**Exercise material**:
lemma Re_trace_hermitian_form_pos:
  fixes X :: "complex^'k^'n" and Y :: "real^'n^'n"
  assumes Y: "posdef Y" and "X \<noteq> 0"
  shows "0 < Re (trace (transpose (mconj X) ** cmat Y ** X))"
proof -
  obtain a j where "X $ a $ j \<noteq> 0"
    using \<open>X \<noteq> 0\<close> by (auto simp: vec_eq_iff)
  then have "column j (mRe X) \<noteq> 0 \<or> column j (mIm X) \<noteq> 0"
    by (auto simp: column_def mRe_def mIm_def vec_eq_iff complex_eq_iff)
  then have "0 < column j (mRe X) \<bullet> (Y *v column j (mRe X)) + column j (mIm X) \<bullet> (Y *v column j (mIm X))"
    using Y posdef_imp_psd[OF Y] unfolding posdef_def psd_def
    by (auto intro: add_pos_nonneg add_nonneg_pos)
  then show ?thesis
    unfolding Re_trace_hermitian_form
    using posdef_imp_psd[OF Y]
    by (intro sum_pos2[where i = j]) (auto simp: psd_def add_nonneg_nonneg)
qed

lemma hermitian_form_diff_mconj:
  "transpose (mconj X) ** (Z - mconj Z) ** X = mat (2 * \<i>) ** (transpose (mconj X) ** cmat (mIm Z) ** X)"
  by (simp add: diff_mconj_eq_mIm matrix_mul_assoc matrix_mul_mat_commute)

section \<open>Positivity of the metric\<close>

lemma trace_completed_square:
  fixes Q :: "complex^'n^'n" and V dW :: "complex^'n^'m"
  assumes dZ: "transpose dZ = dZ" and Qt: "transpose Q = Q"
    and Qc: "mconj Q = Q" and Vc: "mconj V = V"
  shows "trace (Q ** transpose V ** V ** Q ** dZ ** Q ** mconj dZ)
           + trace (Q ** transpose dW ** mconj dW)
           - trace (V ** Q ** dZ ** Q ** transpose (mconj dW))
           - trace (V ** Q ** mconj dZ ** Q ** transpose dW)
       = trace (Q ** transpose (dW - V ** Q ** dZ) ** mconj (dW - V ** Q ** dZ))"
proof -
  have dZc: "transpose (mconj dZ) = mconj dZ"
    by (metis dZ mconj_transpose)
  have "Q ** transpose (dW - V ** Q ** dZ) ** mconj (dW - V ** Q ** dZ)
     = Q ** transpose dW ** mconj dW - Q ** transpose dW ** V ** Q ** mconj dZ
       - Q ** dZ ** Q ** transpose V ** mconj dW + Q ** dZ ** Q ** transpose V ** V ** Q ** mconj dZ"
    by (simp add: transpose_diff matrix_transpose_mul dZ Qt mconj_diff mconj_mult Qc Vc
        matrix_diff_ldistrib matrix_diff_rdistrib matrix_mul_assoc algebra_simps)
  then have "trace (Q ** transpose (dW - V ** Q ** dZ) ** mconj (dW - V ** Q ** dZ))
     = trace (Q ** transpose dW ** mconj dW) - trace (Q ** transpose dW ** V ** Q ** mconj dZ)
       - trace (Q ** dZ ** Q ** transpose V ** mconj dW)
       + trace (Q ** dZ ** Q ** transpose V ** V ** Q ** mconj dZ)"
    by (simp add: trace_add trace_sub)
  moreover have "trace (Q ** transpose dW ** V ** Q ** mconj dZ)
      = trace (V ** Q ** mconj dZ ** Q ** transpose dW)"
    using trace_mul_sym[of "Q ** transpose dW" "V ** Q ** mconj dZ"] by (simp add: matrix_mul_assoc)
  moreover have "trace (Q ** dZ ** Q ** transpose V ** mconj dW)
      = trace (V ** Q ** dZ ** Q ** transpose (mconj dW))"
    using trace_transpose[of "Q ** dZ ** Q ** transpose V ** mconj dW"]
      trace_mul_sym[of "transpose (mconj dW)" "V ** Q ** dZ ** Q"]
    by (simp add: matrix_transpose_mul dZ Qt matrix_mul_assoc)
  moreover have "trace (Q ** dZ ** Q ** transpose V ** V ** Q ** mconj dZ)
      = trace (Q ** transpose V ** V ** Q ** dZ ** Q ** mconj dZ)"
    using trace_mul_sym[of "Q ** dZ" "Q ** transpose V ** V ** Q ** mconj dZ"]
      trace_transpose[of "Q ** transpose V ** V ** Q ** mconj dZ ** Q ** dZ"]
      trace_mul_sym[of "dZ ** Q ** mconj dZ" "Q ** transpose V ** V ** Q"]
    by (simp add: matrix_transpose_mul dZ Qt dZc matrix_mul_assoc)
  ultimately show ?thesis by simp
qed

...

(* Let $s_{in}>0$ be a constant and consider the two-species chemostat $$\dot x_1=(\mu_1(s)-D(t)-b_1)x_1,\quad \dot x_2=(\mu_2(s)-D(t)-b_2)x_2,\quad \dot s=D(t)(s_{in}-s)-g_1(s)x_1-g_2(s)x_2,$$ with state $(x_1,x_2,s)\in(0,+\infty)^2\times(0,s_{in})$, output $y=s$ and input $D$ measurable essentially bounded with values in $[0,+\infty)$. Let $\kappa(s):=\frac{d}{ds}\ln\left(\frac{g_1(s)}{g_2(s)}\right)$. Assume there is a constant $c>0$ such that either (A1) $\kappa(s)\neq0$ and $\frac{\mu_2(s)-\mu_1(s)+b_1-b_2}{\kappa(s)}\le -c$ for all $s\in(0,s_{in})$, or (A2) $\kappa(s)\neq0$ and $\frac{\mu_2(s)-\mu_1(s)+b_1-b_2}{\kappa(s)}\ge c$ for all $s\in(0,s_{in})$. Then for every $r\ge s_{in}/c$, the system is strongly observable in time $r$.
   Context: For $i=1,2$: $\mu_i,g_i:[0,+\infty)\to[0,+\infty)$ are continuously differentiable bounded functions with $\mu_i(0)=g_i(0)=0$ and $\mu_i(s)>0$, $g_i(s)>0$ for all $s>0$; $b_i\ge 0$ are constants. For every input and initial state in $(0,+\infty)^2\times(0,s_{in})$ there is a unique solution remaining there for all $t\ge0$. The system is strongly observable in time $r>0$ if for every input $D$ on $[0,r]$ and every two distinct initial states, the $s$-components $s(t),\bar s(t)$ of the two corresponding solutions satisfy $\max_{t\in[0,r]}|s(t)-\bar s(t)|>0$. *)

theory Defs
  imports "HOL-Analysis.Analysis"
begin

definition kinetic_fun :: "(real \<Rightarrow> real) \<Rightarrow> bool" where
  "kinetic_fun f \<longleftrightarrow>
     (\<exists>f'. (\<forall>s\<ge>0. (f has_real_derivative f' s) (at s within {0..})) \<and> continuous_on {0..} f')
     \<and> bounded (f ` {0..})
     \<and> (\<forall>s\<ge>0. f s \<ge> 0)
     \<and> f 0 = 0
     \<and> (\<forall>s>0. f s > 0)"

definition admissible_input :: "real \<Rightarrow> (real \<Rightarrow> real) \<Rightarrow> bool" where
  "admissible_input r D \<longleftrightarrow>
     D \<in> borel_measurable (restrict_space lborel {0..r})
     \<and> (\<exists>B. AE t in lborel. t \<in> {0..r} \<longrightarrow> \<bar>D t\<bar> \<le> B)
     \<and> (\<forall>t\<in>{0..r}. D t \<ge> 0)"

**What to do**: Copy, exactly and only, the lines above that begin with the one containing "by (auto intro: add_pos_nonneg" and finish with the one containing "- trace (Q ** dZ".

**Response for this exercise**:
    by (auto intro: add_pos_nonneg add_nonneg_pos)
  then show ?thesis
    unfolding Re_trace_hermitian_form
    using posdef_imp_psd[OF Y]
    by (intro sum_pos2[where i = j]) (auto simp: psd_def add_nonneg_nonneg)
qed

lemma hermitian_form_diff_mconj:
  "transpose (mconj X) ** (Z - mconj Z) ** X = mat (2 * \<i>) ** (transpose (mconj X) ** cmat (mIm Z) ** X)"
  by (simp add: diff_mconj_eq_mIm matrix_mul_assoc matrix_mul_mat_commute)

section \<open>Positivity of the metric\<close>

lemma trace_completed_square:
  fixes Q :: "complex^'n^'n" and V dW :: "complex^'n^'m"
  assumes dZ: "transpose dZ = dZ" and Qt: "transpose Q = Q"
    and Qc: "mconj Q = Q" and Vc: "mconj V = V"
  shows "trace (Q ** transpose V ** V ** Q ** dZ ** Q ** mconj dZ)
           + trace (Q ** transpose dW ** mconj dW)
           - trace (V ** Q ** dZ ** Q ** transpose (mconj dW))
           - trace (V ** Q ** mconj dZ ** Q ** transpose dW)
       = trace (Q ** transpose (dW - V ** Q ** dZ) ** mconj (dW - V ** Q ** dZ))"
proof -
  have dZc: "transpose (mconj dZ) = mconj dZ"
    by (metis dZ mconj_transpose)
  have "Q ** transpose (dW - V ** Q ** dZ) ** mconj (dW - V ** Q ** dZ)
     = Q ** transpose dW ** mconj dW - Q ** transpose dW ** V ** Q ** mconj dZ
       - Q ** dZ ** Q ** transpose V ** mconj dW + Q ** dZ ** Q ** transpose V ** V ** Q ** mconj dZ"
    by (simp add: transpose_diff matrix_transpose_mul dZ Qt mconj_diff mconj_mult Qc Vc
        matrix_diff_ldistrib matrix_diff_rdistrib matrix_mul_assoc algebra_simps)
  then have "trace (Q ** transpose (dW - V ** Q ** dZ) ** mconj (dW - V ** Q ** dZ))
     = trace (Q ** transpose dW ** mconj dW) - trace (Q ** transpose dW ** V ** Q ** mconj dZ)
       - trace (Q ** dZ ** Q ** transpose V ** mconj dW)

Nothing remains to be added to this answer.